Wherein P (0) represents the optimal performance of object detection on the original image; p (R) represents the target detection performance on a distorted image with a code rate R;

wherein the calculation formula of the joint distortion is D^*＝ω_tD_t+ω_pD_p,ω_t+ω_p1, wherein D^*Representing joint distortion, D, resulting from code compression_tRepresenting signal distortion, ω_tAnd ω_pRepresenting the weights of both distortions.

2. The method of claim 1, wherein the setting the quantization parameter QP as an encoding quantization parameter completes code rate control encoding, comprising:

obtaining parameters of the R-lambda model and the lambda-QP model;

and coding according to the replaced model parameters.

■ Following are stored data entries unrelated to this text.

lemma isCont_act_pt_inv:
  assumes "pt_inv x \<in> Lt" "y \<in> Lt"
  shows "isCont (\<lambda>p. act (pt_inv (fst p)) (snd p)) (x, y)"
proof -
  have eq: "pt_inv = (\<lambda>g. (- fst g, - fst (snd g), snd (snd g)))"
    by (auto simp: pt_inv_def)
  have "isCont (\<lambda>p::pt \<times> pt. (pt_inv (fst p), snd p)) (x, y)"
    unfolding eq by (intro continuous_intros)
  moreover have "isCont (\<lambda>p. act (fst p) (snd p)) (pt_inv x, y)"
    using continuous_on_act open_Times[OF open_Lt open_Lt] assms
    by (simp add: continuous_on_eq_continuous_at)
  ultimately have "isCont ((\<lambda>p. act (fst p) (snd p)) \<circ> (\<lambda>p. (pt_inv (fst p), snd p))) (x, y)"
    by (intro continuous_at_compose) simp_all
  then show ?thesis
    by (simp add: o_def)
qed
text \<open>Unless some \<open>x\<^sub>i = 0\<close> keeps all other relevant variables relevant, a relevant
  \<open>x\<^sub>i\<close> for which \<open>x\<^sub>i = 0\<close> makes fewest relevant variables irrelevant is made irrelevant
  by each of them, so that \<open>x\<^sub>i = 1\<close> does the job.\<close>

lemma ex_relevant_restr_eq:
  assumes pos: "positive n f" and "\<exists>i. relevant n f i"
  shows "\<exists>i a. relevant n f i \<and> {j. relevant n (restr f i a) j} = {j. relevant n f j} - {i}"
proof -
  define V where "V = {j. relevant n f j}"
  have V_less: "j < n" if "j \<in> V" for j
    using that by (simp add: V_def relevant_def)
  have "finite V"
    using V_less by (intro finite_subset[of V "{..<n}"]) auto
  have restr_sub: "{j. relevant n (restr f i a) j} \<subseteq> V - {i}" for i a
    using relevant_restr unfolding V_def by blast
  define killed where "killed i = {j \<in> V. j \<noteq> i \<and> \<not> relevant n (restr f i False) j}" for i
  show ?thesis
  proof (cases "\<exists>i\<in>V. killed i = {}")
    case True
    then obtain i where "i \<in> V" "killed i = {}"
      by blast
    then have "V - {i} \<subseteq> {j. relevant n (restr f i False) j}"
      unfolding killed_def by blast
    with restr_sub[of i False] \<open>i \<in> V\<close> show ?thesis
      unfolding V_def by blast
  next
    case False
    obtain i0 where "i0 \<in> V"
      using assms(2) unfolding V_def by blast
    then obtain i where "i \<in> V" and i_min: "\<And>i'. i' \<in> V \<Longrightarrow> card (killed i) \<le> card (killed i')"
      using ex_has_least_nat[of "\<lambda>i. i \<in> V" i0 "\<lambda>i. card (killed i)"] by blast
    with False obtain j where j: "j \<in> killed i"
      by blast
    then have "j \<in> V" "j \<noteq> i" and ij: "\<not> relevant n (restr f i False) j"
      by (auto simp: killed_def)
    have ji: "\<not> relevant n (restr f j False) i"
    proof
      assume ji: "relevant n (restr f j False) i"
      have "killed j \<subseteq> killed i - {j}"
      proof
        fix l assume l: "l \<in> killed j"
        then have "l \<noteq> i"
          using ji by (auto simp: killed_def)
        with l show "l \<in> killed i - {j}"
          using not_relevant_restr_False_trans[OF pos ij, of l] V_less \<open>i \<in> V\<close> \<open>j \<in> V\<close> \<open>j \<noteq> i\<close>
          by (auto simp: killed_def)
      qed
      moreover have "finite (killed i)"
        using \<open>finite V\<close> by (simp add: killed_def)
      ultimately have "card (killed j) < card (killed i)"
        using j by (metis card_Diff1_less card_mono finite_Diff le_less_trans)
      with i_min[OF \<open>j \<in> V\<close>] show False
        by simp
    qed
    have "V - {i} \<subseteq> {l. relevant n (restr f i True) l}"
    proof
      fix l assume "l \<in> V - {i}"
      then show "l \<in> {l. relevant n (restr f i True) l}"
        using relevant_restr_True_if_mutually_not_relevant[OF ij ji \<open>j \<noteq> i\<close>[symmetric]
            V_less[OF \<open>i \<in> V\<close>] V_less[OF \<open>j \<in> V\<close>], of l]
        unfolding V_def by blast
    qed
    with restr_sub[of i True] \<open>i \<in> V\<close> show ?thesis
      unfolding V_def by blast
  qed
qed

section \<open>Canalyzing restrictions\<close>

lemma noncanalyzing_witnesses:
  assumes "\<not> canalyzing n f" "k < n"
  shows "\<exists>x\<in>points n. \<not> f (x[k:=True])" "\<exists>x\<in>points n. f (x[k:=False])"
  using assms unfolding canalyzing_def const_on_def restr_def by (metis (full_types))+
theorem proposition3p3:
  fixes \<Omega> :: "(real^'n::finite) set"
    and a :: "'n \<Rightarrow> 'n \<Rightarrow> real^'n \<Rightarrow> real"
    and f L :: "real^'n \<Rightarrow> real \<Rightarrow> real"
    and \<alpha> \<beta> \<zeta> :: "real^'n \<Rightarrow> real"
    and Q :: "(real^'n \<Rightarrow> real) set"
    and pbar :: real
    and ebar :: "'n E"
    and ubar :: "real^'n \<Rightarrow> real"
  assumes dim: "CARD('n) \<le> 3"
    and alpha: "\<alpha> \<in> Linf \<Omega>" and beta: "\<beta> \<in> Linf \<Omega>"
    and alpha_le_beta: "AE x in lebesgue_on \<Omega>. \<alpha> x \<le> \<beta> x"
    and alpha_neq_beta: "\<not> (AE x in lebesgue_on \<Omega>. \<alpha> x = \<beta> x)"
    and zeta: "\<zeta> \<in> L2 \<Omega>" "AE x in lebesgue_on \<Omega>. \<zeta> x \<ge> 0"
    and pbar: "pbar > real CARD('n) / 2"
    and A1: "assmA1 \<Omega> pbar f"
    and A2: "assmA2 \<Omega> pbar L"
    and A3_domain: "open \<Omega>" "bounded \<Omega>" "lipschitz_boundary \<Omega>"
    and A3_Q: "Q \<subseteq> L2 \<Omega>" "L2_convex Q" "L2_closed \<Omega> Q" "L2_bounded \<Omega> Q"
    and A3_slater: "\<exists>e \<in> EL2 \<Omega>. Uad \<Omega> \<alpha> \<beta> e \<inter> L2_interior \<Omega> Q \<noteq> {}"
    and A3_coeff: "\<forall>i j. continuous_on (closure \<Omega>) (a i j)" "unif_elliptic \<Omega> a"
    and ebar: "ebar \<in> EL2 \<Omega>"
    and ubar: "ubar \<in> Ssol \<Omega> a f L \<zeta> \<alpha> \<beta> Q ebar"
  shows "\<forall>us \<in> L2 \<Omega>. coderivG \<Omega> \<alpha> \<beta> Q ebar ubar us =
     {es \<in> EL2 \<Omega>.
        (AE x in lebesgue_on \<Omega>. ey es x = 0) \<and> (AE x in lebesgue_on \<Omega>. eJ es x = 0) \<and>
        (\<exists>u1 u2. u1 \<in> L2 \<Omega> \<and> u2 \<in> L2 \<Omega> \<and>
           (AE x in lebesgue_on \<Omega>. us x = u1 x - u2 x) \<and>
           (AE x in lebesgue_on \<Omega>. u1 x = ea es x + eb es x) \<and>
           u2 \<in> normal_cone_L2 \<Omega> Q ubar) \<and>
        (AE x in lebesgue_on \<Omega>. x \<in> Omega1 \<Omega> \<alpha> ebar ubar \<longrightarrow> ea es x \<ge> 0) \<and>
        (AE x in lebesgue_on \<Omega>. x \<notin> Omega1 \<Omega> \<alpha> ebar ubar \<longrightarrow> ea es x = 0) \<and>
        (AE x in lebesgue_on \<Omega>. x \<in> Omega3 \<Omega> \<beta> ebar ubar \<longrightarrow> eb es x \<le> 0) \<and>
        (AE x in lebesgue_on \<Omega>. x \<notin> Omega3 \<Omega> \<beta> ebar ubar \<longrightarrow> eb es x = 0)}"
proof (intro ballI coderivG_eq)
  show "(ebar, ubar) \<in> gphG \<Omega> \<alpha> \<beta> Q"
    using ebar ubar by (simp add: gphG_def Ssol_def)
  show "\<alpha> \<in> borel_measurable (lebesgue_on \<Omega>)" "\<beta> \<in> borel_measurable (lebesgue_on \<Omega>)"
    using alpha beta by (simp_all add: Linf_def)
qed (use A3_Q in simp_all)

end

3. An apparatus for rate control for visual analytics, the apparatus comprising:

the Lagrange multiplier generation module is used for sequentially inputting the target code rate into a pre-established R-lambda model based on a code rate-joint distortion model to generate a Lagrange multiplier lambda corresponding to the target code rate;

the quantization parameter QP generation module is used for inputting the Lagrange multiplier lambda corresponding to the target code rate into a lambda-QP model which is created in advance and is based on a code rate-joint distortion model, and generating a quantization parameter QP corresponding to the target code rate;

the parameter setting module is used for setting the quantization parameter QP as a coding quantization parameter to complete the coding of code rate control;

wherein the apparatus further comprises:

the image frame coding module is used for coding the plurality of video sequence image frames through a plurality of preset quantization parameters to generate a plurality of coded image frames;

the R-lambda model building module is used for solving a code rate-joint distortion optimization problem through a Lagrange multiplier method, determining a functional relation between the code rate and the Lagrange multiplier and taking the functional relation between the code rate and the Lagrange multiplier as an R-lambda model;

the lambda-QP model construction module is used for training on a plurality of sequences to obtain a quantization parameter which enables the code rate-joint distortion cost to be minimum under the fixed Lagrange multiplier in a mode of fixing the Lagrange multiplier, using different quantization parameter codes and calculating the corresponding code rate-joint distortion cost, and determining the functional relation between the fixed Lagrange multiplier and the minimum quantization parameter as a lambda-QP model;

wherein the λ -QP model building module is specifically configured to, when fixing a functional relationship between a lagrange multiplier and the minimum quantization parameter:

selecting a set of lagrangian multipliers and a set of quantization parameters;

wherein the visual analysis distortion factor is calculated by the following formula

4. A computer storage medium, characterized in that it stores a plurality of instructions adapted to be loaded by a processor and to perform the method steps according to any of claims 1-2.

5. A terminal, comprising: a processor and a memory; wherein the memory stores a computer program adapted to be loaded by the processor and to perform the method steps of any of claims 1-2.